EXERCISE PROMPT: A single figure is the whole answer: the number of lines in the records that contain "ultimately".

[Collected data entries]
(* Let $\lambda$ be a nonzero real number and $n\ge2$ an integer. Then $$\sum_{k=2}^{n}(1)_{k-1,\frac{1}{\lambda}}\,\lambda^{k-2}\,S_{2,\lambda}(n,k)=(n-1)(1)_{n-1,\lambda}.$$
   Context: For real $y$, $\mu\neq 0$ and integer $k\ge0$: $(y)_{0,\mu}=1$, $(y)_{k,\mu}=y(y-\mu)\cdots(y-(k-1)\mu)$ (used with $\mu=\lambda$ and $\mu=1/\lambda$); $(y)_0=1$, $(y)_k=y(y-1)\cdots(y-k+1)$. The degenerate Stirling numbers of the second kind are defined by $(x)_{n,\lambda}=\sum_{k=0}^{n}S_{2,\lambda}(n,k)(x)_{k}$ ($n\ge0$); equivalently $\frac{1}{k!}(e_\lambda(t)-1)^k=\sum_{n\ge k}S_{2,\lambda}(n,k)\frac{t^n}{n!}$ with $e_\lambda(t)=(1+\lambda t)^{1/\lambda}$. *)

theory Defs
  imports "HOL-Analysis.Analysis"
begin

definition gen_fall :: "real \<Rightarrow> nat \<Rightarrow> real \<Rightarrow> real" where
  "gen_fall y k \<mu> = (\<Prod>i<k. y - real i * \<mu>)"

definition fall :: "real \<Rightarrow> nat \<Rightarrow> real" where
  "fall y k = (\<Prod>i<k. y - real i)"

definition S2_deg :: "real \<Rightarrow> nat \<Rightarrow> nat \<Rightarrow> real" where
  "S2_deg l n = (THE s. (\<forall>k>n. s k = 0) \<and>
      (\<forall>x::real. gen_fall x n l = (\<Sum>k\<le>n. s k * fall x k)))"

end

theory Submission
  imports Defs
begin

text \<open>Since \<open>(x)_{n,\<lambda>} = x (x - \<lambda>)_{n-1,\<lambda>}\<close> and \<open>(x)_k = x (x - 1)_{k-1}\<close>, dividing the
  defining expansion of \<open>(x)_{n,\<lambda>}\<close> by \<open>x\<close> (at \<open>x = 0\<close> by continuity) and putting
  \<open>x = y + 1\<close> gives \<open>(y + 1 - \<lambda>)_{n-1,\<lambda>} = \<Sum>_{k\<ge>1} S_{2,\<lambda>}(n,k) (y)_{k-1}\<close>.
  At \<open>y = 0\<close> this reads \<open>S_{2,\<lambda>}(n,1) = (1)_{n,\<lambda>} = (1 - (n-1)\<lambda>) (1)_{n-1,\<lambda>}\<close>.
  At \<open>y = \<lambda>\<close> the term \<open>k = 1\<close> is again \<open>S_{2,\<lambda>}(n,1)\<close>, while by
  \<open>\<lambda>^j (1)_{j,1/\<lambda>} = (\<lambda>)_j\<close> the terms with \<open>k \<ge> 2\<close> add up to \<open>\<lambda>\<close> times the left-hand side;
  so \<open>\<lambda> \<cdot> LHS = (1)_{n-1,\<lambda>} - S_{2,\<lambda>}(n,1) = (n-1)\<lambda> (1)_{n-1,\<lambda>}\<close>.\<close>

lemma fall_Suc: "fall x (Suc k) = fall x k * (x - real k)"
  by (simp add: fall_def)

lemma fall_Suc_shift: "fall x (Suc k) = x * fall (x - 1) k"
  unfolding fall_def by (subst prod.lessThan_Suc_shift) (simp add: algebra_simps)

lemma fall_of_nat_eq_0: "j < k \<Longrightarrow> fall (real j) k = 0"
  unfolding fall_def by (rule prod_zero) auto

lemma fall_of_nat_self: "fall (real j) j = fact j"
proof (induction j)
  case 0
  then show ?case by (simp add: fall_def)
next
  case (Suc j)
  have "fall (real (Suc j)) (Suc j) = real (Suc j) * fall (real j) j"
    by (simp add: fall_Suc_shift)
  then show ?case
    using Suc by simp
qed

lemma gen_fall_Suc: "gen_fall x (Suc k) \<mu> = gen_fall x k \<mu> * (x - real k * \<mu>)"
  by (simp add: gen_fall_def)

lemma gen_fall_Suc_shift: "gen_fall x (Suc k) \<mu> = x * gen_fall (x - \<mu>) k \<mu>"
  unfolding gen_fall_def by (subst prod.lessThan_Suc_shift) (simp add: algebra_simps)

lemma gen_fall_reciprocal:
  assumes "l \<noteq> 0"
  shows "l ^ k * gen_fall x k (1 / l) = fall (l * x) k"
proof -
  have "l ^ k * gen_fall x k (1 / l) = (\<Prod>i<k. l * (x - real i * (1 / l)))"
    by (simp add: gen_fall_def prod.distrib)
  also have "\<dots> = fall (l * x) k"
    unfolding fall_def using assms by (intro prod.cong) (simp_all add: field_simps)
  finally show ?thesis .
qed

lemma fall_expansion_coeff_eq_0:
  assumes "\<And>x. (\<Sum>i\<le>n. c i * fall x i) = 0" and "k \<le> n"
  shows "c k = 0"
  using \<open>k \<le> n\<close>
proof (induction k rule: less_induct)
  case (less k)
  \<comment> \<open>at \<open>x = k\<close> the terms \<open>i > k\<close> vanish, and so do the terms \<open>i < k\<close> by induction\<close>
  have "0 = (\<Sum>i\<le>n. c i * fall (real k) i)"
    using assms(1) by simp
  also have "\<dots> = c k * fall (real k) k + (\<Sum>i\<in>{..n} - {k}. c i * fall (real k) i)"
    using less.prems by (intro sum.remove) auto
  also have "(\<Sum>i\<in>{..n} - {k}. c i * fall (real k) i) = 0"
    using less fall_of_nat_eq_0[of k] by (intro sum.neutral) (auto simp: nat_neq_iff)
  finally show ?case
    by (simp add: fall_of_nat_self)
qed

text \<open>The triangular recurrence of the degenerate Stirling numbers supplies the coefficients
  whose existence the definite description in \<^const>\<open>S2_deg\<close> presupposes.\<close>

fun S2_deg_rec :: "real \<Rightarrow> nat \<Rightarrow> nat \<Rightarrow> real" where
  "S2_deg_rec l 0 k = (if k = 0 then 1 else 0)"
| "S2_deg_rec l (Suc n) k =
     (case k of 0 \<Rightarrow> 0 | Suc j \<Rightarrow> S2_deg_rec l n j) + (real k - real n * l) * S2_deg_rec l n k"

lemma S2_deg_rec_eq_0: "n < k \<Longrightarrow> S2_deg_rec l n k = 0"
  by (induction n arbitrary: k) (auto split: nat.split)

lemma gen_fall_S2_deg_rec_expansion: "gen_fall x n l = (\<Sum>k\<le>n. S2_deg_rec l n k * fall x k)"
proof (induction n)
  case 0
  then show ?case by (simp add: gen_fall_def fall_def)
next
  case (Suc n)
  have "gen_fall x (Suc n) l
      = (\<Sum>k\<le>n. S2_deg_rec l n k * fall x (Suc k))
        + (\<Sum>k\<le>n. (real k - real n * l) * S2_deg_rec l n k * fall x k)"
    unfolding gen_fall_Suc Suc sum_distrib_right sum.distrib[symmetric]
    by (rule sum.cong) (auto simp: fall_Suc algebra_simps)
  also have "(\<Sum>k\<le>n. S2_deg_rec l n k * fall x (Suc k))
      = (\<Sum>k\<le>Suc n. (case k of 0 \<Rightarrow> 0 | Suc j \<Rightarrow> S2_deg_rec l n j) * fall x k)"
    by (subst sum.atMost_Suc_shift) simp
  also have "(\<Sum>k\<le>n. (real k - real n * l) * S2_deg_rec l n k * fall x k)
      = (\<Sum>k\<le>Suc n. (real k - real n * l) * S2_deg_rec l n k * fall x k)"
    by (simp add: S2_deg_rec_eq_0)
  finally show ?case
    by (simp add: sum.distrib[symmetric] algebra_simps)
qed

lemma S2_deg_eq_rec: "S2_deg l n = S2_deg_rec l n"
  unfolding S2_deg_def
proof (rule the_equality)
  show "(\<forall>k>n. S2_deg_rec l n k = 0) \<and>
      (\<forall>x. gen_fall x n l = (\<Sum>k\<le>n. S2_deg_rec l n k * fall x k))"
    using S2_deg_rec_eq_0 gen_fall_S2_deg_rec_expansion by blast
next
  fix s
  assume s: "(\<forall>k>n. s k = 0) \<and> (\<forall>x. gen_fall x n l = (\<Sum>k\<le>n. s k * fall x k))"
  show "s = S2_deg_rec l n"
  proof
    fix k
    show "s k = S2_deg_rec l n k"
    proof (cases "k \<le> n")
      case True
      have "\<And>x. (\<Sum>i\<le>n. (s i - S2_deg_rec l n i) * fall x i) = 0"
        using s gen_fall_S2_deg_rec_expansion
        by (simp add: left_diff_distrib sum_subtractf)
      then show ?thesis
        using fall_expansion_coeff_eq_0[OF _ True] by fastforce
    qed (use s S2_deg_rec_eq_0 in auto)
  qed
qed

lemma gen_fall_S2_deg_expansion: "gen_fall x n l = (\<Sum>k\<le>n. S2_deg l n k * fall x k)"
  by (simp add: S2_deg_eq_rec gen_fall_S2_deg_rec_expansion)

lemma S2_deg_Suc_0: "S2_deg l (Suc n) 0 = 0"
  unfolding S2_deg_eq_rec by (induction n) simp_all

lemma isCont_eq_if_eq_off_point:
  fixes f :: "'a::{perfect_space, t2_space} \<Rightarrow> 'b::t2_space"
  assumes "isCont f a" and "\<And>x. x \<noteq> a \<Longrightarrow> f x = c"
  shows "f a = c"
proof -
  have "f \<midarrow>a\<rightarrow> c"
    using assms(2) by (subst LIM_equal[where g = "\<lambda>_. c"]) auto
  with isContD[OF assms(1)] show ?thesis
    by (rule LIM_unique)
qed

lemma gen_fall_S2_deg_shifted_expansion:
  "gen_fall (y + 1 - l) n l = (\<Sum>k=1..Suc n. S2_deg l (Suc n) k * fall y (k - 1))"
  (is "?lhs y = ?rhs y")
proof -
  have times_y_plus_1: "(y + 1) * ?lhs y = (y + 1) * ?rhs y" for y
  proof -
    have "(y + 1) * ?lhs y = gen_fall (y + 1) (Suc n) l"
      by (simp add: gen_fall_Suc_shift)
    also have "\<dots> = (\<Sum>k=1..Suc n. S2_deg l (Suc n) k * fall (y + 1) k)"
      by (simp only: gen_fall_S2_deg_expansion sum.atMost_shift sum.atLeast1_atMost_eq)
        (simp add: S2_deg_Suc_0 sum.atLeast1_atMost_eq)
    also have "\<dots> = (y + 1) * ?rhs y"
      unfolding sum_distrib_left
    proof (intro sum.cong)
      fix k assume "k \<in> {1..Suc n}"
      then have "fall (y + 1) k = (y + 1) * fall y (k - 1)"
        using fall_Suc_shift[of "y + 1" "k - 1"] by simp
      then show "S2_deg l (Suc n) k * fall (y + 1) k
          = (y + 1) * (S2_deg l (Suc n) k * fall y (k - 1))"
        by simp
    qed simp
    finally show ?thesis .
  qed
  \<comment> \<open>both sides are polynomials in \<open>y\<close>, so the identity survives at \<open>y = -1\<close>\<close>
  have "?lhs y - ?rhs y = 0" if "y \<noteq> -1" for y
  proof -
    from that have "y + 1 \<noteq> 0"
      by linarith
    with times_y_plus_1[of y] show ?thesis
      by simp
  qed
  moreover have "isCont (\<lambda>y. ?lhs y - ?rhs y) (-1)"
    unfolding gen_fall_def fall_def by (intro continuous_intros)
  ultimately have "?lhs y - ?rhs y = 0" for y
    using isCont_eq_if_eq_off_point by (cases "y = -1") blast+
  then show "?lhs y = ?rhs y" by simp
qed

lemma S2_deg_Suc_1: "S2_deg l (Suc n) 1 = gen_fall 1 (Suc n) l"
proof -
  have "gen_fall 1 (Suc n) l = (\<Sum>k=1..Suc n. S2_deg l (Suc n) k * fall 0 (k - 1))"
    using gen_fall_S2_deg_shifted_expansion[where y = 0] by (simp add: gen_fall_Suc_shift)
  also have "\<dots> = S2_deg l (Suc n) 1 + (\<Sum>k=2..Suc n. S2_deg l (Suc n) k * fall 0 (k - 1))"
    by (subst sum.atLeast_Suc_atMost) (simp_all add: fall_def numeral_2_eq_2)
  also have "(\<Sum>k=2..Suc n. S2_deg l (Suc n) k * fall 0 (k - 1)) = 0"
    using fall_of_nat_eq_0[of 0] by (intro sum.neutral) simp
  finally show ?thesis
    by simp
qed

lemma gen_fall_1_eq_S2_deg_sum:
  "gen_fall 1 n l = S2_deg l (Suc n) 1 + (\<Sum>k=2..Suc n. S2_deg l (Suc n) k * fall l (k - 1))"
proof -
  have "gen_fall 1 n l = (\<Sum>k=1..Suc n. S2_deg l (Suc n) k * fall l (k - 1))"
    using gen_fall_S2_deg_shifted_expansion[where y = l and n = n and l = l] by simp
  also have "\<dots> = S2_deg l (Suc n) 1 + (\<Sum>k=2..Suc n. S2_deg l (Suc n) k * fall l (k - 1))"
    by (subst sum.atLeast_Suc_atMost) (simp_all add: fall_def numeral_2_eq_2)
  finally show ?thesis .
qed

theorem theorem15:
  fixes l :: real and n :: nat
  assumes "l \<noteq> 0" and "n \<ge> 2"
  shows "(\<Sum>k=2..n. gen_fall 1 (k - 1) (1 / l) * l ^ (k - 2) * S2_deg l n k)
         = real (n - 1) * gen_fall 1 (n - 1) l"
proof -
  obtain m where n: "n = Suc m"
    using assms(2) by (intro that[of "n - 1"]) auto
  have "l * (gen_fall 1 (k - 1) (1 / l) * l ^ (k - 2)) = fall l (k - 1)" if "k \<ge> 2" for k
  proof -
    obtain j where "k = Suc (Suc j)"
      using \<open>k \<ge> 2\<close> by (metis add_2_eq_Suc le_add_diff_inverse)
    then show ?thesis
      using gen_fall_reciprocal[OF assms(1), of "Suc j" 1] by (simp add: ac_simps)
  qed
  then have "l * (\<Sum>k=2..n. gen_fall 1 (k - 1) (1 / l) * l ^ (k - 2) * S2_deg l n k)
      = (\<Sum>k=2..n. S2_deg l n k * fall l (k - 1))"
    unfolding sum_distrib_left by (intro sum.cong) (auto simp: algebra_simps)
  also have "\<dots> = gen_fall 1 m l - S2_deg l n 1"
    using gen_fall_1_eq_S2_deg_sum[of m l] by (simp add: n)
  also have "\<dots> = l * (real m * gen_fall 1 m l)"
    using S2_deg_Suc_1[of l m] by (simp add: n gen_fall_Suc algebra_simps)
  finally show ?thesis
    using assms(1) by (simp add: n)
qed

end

--

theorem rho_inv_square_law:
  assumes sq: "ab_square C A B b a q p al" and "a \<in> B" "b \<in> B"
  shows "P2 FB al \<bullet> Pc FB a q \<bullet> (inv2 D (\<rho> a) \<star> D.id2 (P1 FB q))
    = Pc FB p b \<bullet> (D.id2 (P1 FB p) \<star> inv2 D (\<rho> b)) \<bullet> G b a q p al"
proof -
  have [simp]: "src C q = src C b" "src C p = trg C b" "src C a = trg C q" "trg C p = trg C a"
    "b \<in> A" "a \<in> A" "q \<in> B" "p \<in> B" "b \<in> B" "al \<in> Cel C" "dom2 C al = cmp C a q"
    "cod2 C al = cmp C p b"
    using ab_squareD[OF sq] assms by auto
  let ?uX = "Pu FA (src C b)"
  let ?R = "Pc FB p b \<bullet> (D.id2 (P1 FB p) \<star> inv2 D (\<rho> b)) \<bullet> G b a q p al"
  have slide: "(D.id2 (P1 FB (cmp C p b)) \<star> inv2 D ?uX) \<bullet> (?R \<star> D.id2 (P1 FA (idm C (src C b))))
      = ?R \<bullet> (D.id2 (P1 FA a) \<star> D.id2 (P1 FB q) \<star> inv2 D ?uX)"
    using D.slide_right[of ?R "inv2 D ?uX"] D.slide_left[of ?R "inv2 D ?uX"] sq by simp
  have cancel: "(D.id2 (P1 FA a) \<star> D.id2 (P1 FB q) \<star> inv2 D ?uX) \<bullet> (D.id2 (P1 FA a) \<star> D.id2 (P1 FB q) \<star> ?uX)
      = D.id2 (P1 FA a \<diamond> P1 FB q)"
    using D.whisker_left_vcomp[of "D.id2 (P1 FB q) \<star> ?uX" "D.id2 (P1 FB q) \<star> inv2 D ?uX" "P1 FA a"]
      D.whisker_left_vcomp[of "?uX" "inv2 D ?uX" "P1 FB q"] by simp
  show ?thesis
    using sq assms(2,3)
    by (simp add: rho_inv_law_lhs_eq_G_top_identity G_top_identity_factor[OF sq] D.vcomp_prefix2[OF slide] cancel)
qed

...

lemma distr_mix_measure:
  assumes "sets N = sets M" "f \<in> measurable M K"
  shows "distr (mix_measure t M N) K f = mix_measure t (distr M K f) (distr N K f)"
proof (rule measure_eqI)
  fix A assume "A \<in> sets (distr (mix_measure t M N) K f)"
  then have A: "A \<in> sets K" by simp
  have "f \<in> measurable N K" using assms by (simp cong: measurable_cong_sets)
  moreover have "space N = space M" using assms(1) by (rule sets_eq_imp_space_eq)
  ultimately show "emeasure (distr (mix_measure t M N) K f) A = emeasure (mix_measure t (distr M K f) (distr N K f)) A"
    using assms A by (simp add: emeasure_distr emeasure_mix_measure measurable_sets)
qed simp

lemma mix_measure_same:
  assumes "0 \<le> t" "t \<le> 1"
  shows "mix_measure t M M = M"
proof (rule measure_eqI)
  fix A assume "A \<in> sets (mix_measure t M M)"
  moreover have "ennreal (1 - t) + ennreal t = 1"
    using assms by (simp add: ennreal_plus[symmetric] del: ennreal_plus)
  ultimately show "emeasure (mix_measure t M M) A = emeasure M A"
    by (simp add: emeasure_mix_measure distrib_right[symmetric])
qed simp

RESULT OF THIS EXERCISE: 3